March 19, 2020

A Jewish Perspective on the Coronavirus

Like in the US, Israel has been shaken by the Coronavirus pandemic. In this small country, more than 500 Israelis, including 10 members of the Israel Defense Forces, have been tested positive, as of this writing, and of course, the number is rising rapidly. Thank God, there have been no deaths and we are in fervent prayer that remains the case.


Amidst the great panic and anxiety, there have been some positive elements that have emerged in recent days. By staying home, families are coming together. More are praying than ever before, including Prime Minister Netanyahu according to media reports. And since public transportation is stopping over the weekend, for the first time, all Jews in Israel are honoring the Sabbath!

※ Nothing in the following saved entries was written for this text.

lemma cell_Delta_iff:
  assumes vr: "valid_reps C Rep" and p: "(y1, y2, y3, d, u) \<in> cell_params C Rep"
    and X: "X \<in> cell (y1, y2, y3, d, u)"
  shows "X \<in> SL3"
    and "X \<in> Delta2 \<longleftrightarrow> y2 = mat 1"
    and "X \<in> Delta11 \<longleftrightarrow> y2 \<noteq> mat 1 \<and> y3 \<noteq> mat 1"
    and "X \<in> Delta10 \<longleftrightarrow> y2 \<noteq> mat 1 \<and> y3 = mat 1"
proof -
  have Y: "y1 \<in> Yset C Rep" "y2 \<in> Yset C Rep" "y3 \<in> Yset C Rep" and du: "d \<in> D3" "u \<in> U3"
    using p unfolding cell_params_def by auto
  have S: "y1 \<in> SL2" "y2 \<in> SL2" "y3 \<in> SL2"
    using Y by (simp_all add: Yset_SL2)
  have X': "X \<in> coset3 (phi_word y1 y2 y3 ** d ** u)"
    using X unfolding cell_def by simp
  show XS: "X \<in> SL3"
    using X' phi_word_SL3[OF S] D3_SL3[OF du(1)] U3_SL3[OF du(2)] Gamma_inf3_SL3 SL3_mult
    unfolding coset3_def by blast
  obtain i j k where ijk: "i * j * k = 1" "d = mk3 i 0 0 0 j 0 0 0 k"
    using du(1) by (auto elim: D3E)
  note inv = coset_invariants[OF SL2_det[OF S(1)] SL2_det[OF S(2)] SL2_det[OF S(3)] du(2)
      X'[unfolded ijk(2)]]
  have "i \<noteq> 0" "j \<noteq> 0"
    using ijk(1) by auto
  moreover have "y1$2$1 \<noteq> 0 \<or> y1$2$2 \<noteq> 0"
    using SL2_bottom_row_nonzero[OF S(1)] .
  ultimately show D2: "X \<in> Delta2 \<longleftrightarrow> y2 = mat 1"
    unfolding Delta2_def Yset_eq_mat1_iff[OF vr Y(2)] using XS inv(2,3) by auto
  have "X$2$1 * X$3$2 - X$2$2 * X$3$1 = minor12 X 2 3"
    unfolding minor12_def by (simp add: algebra_simps)
  then show D11: "X \<in> Delta11 \<longleftrightarrow> y2 \<noteq> mat 1 \<and> y3 \<noteq> mat 1"
    unfolding Delta11_def Yset_eq_mat1_iff[OF vr Y(2)] Yset_eq_mat1_iff[OF vr Y(3)]
    using XS inv(4) \<open>i \<noteq> 0\<close> \<open>j \<noteq> 0\<close> by auto
  show "X \<in> Delta10 \<longleftrightarrow> y2 \<noteq> mat 1 \<and> y3 = mat 1"
    unfolding Delta10_iff using XS D2 D11 by blast
qed


section \<open>Every matrix lies in a cell\<close>

lemma SL3_upper_triangular_decomposition:
  assumes T: "T \<in> SL3" "T$2$1 = 0" "T$3$1 = 0" "T$3$2 = 0"
  obtains d u h where "d \<in> D3" "u \<in> U3" "h \<in> Gamma_inf3" "T = d ** u ** h"
proof -
  have Z: "T$1$1 \<in> ZO" "T$1$2 \<in> ZO" "T$1$3 \<in> ZO" "T$2$2 \<in> ZO" "T$2$3 \<in> ZO" "T$3$3 \<in> ZO"
    using T(1) by (simp_all add: SL3_entry)
  have diag: "T$1$1 * T$2$2 * T$3$3 = 1"
    using T unfolding SL3_def by (simp add: det_3)
  \<comment> \<open>the off-diagonal entries of \<open>d\<inverse> T\<close>, to be reduced modulo 3 into \<open>R3\<close>\<close>
  define n12 where "n12 = T$1$2 * (T$2$2 * T$3$3)"
  define n13 where "n13 = T$1$3 * (T$2$2 * T$3$3)"
  define n23 where "n23 = T$2$3 * (T$1$1 * T$3$3)"
  have nZ: "n12 \<in> ZO" "n13 \<in> ZO" "n23 \<in> ZO"
    unfolding n12_def n13_def n23_def using Z by auto
  obtain \<alpha> w1 where a: "\<alpha> \<in> R3" "w1 \<in> ZO" "n12 - \<alpha> = 3 * w1"
    using R3_residue_exists[OF nZ(1)] .
  obtain \<gamma> w2 where g: "\<gamma> \<in> R3" "w2 \<in> ZO" "n23 - \<gamma> = 3 * w2"
    using R3_residue_exists[OF nZ(3)] .
  have "n13 - \<alpha> * (3 * w2) \<in> ZO"
    using nZ a g R3_subset_ZO by auto
  then obtain \<beta> w3 where b: "\<beta> \<in> R3" "w3 \<in> ZO" "n13 - \<alpha> * (3 * w2) - \<beta> = 3 * w3"
    by (rule R3_residue_exists)
  define d where "d = mk3 (T$1$1) 0 0 0 (T$2$2) 0 0 0 (T$3$3)"
  define u where "u = mk3 1 \<alpha> \<beta> 0 1 \<gamma> 0 0 1"
  define h where "h = mk3 1 (3 * w1) (3 * w3) 0 1 (3 * w2) 0 0 1"
  have "d \<in> D3"
    unfolding d_def D3_def using Z diag by blast
  moreover have "u \<in> U3"
    unfolding u_def U3_def using a g b by blast
  moreover have "h \<in> Gamma_inf3"
    unfolding h_def using a g b by (intro Gamma_inf3I)
  moreover have "T = d ** u ** h"
  proof -
    have "d ** u ** h = mk3 (T$1$1) (T$1$1 * n12) (T$1$1 * n13) 0 (T$2$2) (T$2$2 * n23) 0 0 (T$3$3)"
      unfolding d_def u_def h_def using a(3) g(3) b(3)
      by (simp add: mk3_mult mk3_eq_iff algebra_simps)
    also have "\<dots> = T"
    proof -
      have "T$1$1 * n12 = (T$1$1 * T$2$2 * T$3$3) * T$1$2"
        "T$1$1 * n13 = (T$1$1 * T$2$2 * T$3$3) * T$1$3"
        "T$2$2 * n23 = (T$1$1 * T$2$2 * T$3$3) * T$2$3"
        unfolding n12_def n13_def n23_def by (simp_all add: algebra_simps)
      then show ?thesis
        using diag T(2-4) by (subst (5) mat3_eq_mk3) simp
    qed
    finally show ?thesis ..
  qed
  ultimately show ?thesis
    using that by blast
qed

I was mesmerized by Pastor Franklin’s powerful sermon on Faith over Fear, which was attended by President Trump, and wanted to offer a Jewish perspective on the uncertainty we are all feeling. 


So many of us have lost all sense of certainty with the Coronavirus scare. No one knows what will happen next. So how do we stay sane when we don't know what's lurking around the corner? 


An Australian rabbi explained that the truth is, it is not that we have lost our sense of certainty. We have lost our illusion of certainty.


This could be majorly unsettling, or amazingly liberating. 


This tiny virus has sent the entire world into chaos. All of our plans are up in the air, the markets are crashing, entire countries are shutting down, and we have no clue what the future holds. But that is always the case. We never know what the future holds. We only think we do, and keep getting surprised when events don't pan out as expected. Now we have to admit our vulnerability. What will happen next? We don't know. Our experts don't know. Our leaders don't know. Only God knows.


So friends, keep calm for panic and fear are also contagious. Take every precaution as advised by health authorities. Stay home, practice social distancing and wash your hands well. And every time you do, remember whose hands you are in.